• Problem requirements
Print the entries below in their entirety, exactly as they are written.
** Opening Task input block **
lemma continuous_on_lojasiewicz_primitive [continuous_intros]:
  assumes "c > 0" "\<mu> < 1" "continuous_on S f"
  shows "continuous_on S (\<lambda>x. lojasiewicz_primitive c \<mu> (f x))"
  using continuous_on_compose2[OF continuous_at_imp_continuous_on assms(3)]
    isCont_lojasiewicz_primitive[OF assms(1,2)] by blast

lemma LBINT_lojasiewicz_primitive:
  assumes "c > 0" "0 < \<mu>" "\<mu> < 1" "u \<le> v"
  shows "(LBINT \<xi>=u..v. 1 / (c * \<bar>\<xi> - p\<bar> powr \<mu>))
    = lojasiewicz_primitive c \<mu> (v - p) - lojasiewicz_primitive c \<mu> (u - p)"
proof -
  let ?g = "\<lambda>\<xi>. 1 / (c * \<bar>\<xi> - p\<bar> powr \<mu>)"
  have "(?g has_integral (lojasiewicz_primitive c \<mu> (v - p) - lojasiewicz_primitive c \<mu> (u - p))) {u..v}"
  proof (rule fundamental_theorem_of_calculus_interior_strong[of "{p}"])
    show "continuous_on {u..v} (\<lambda>\<xi>. lojasiewicz_primitive c \<mu> (\<xi> - p))"
      using assms by (intro continuous_intros) auto
  next
    fix \<xi> assume "\<xi> \<in> {u<..<v} - {p}"
    then have "((\<lambda>\<xi>. lojasiewicz_primitive c \<mu> (\<xi> - p)) has_real_derivative ?g \<xi> * 1) (at \<xi>)"
      using assms by (intro DERIV_chain2[OF has_real_derivative_lojasiewicz_primitive]) (auto intro!: derivative_eq_intros)
    then show "((\<lambda>\<xi>. lojasiewicz_primitive c \<mu> (\<xi> - p)) has_vector_derivative ?g \<xi>) (at \<xi>)"
      by (simp add: has_real_derivative_iff_has_vector_derivative)
  qed (use assms in auto)
  moreover have "?g absolutely_integrable_on {u..v}"
    using calculation assms by (intro nonnegative_absolutely_integrable_1) (auto simp: integrable_on_def)
  then have "set_integrable lborel {u..v} ?g"
    unfolding set_integrable_def by (subst (asm) integrable_completion) measurable
  ultimately show ?thesis
    using assms by (simp add: interval_integral_eq_integral integral_unique)
qed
** Closing Task input block **
• Task output
lemma continuous_on_lojasiewicz_primitive [continuous_intros]:
  assumes "c > 0" "\<mu> < 1" "continuous_on S f"
  shows "continuous_on S (\<lambda>x. lojasiewicz_primitive c \<mu> (f x))"
  using continuous_on_compose2[OF continuous_at_imp_continuous_on assms(3)]
    isCont_lojasiewicz_primitive[OF assms(1,2)] by blast

lemma LBINT_lojasiewicz_primitive:
  assumes "c > 0" "0 < \<mu>" "\<mu> < 1" "u \<le> v"
  shows "(LBINT \<xi>=u..v. 1 / (c * \<bar>\<xi> - p\<bar> powr \<mu>))
    = lojasiewicz_primitive c \<mu> (v - p) - lojasiewicz_primitive c \<mu> (u - p)"
proof -
  let ?g = "\<lambda>\<xi>. 1 / (c * \<bar>\<xi> - p\<bar> powr \<mu>)"
  have "(?g has_integral (lojasiewicz_primitive c \<mu> (v - p) - lojasiewicz_primitive c \<mu> (u - p))) {u..v}"
  proof (rule fundamental_theorem_of_calculus_interior_strong[of "{p}"])
    show "continuous_on {u..v} (\<lambda>\<xi>. lojasiewicz_primitive c \<mu> (\<xi> - p))"
      using assms by (intro continuous_intros) auto
  next
    fix \<xi> assume "\<xi> \<in> {u<..<v} - {p}"
    then have "((\<lambda>\<xi>. lojasiewicz_primitive c \<mu> (\<xi> - p)) has_real_derivative ?g \<xi> * 1) (at \<xi>)"
      using assms by (intro DERIV_chain2[OF has_real_derivative_lojasiewicz_primitive]) (auto intro!: derivative_eq_intros)
    then show "((\<lambda>\<xi>. lojasiewicz_primitive c \<mu> (\<xi> - p)) has_vector_derivative ?g \<xi>) (at \<xi>)"
      by (simp add: has_real_derivative_iff_has_vector_derivative)
  qed (use assms in auto)
  moreover have "?g absolutely_integrable_on {u..v}"
    using calculation assms by (intro nonnegative_absolutely_integrable_1) (auto simp: integrable_on_def)
  then have "set_integrable lborel {u..v} ?g"
    unfolding set_integrable_def by (subst (asm) integrable_completion) measurable
  ultimately show ?thesis
    using assms by (simp add: interval_integral_eq_integral integral_unique)
qed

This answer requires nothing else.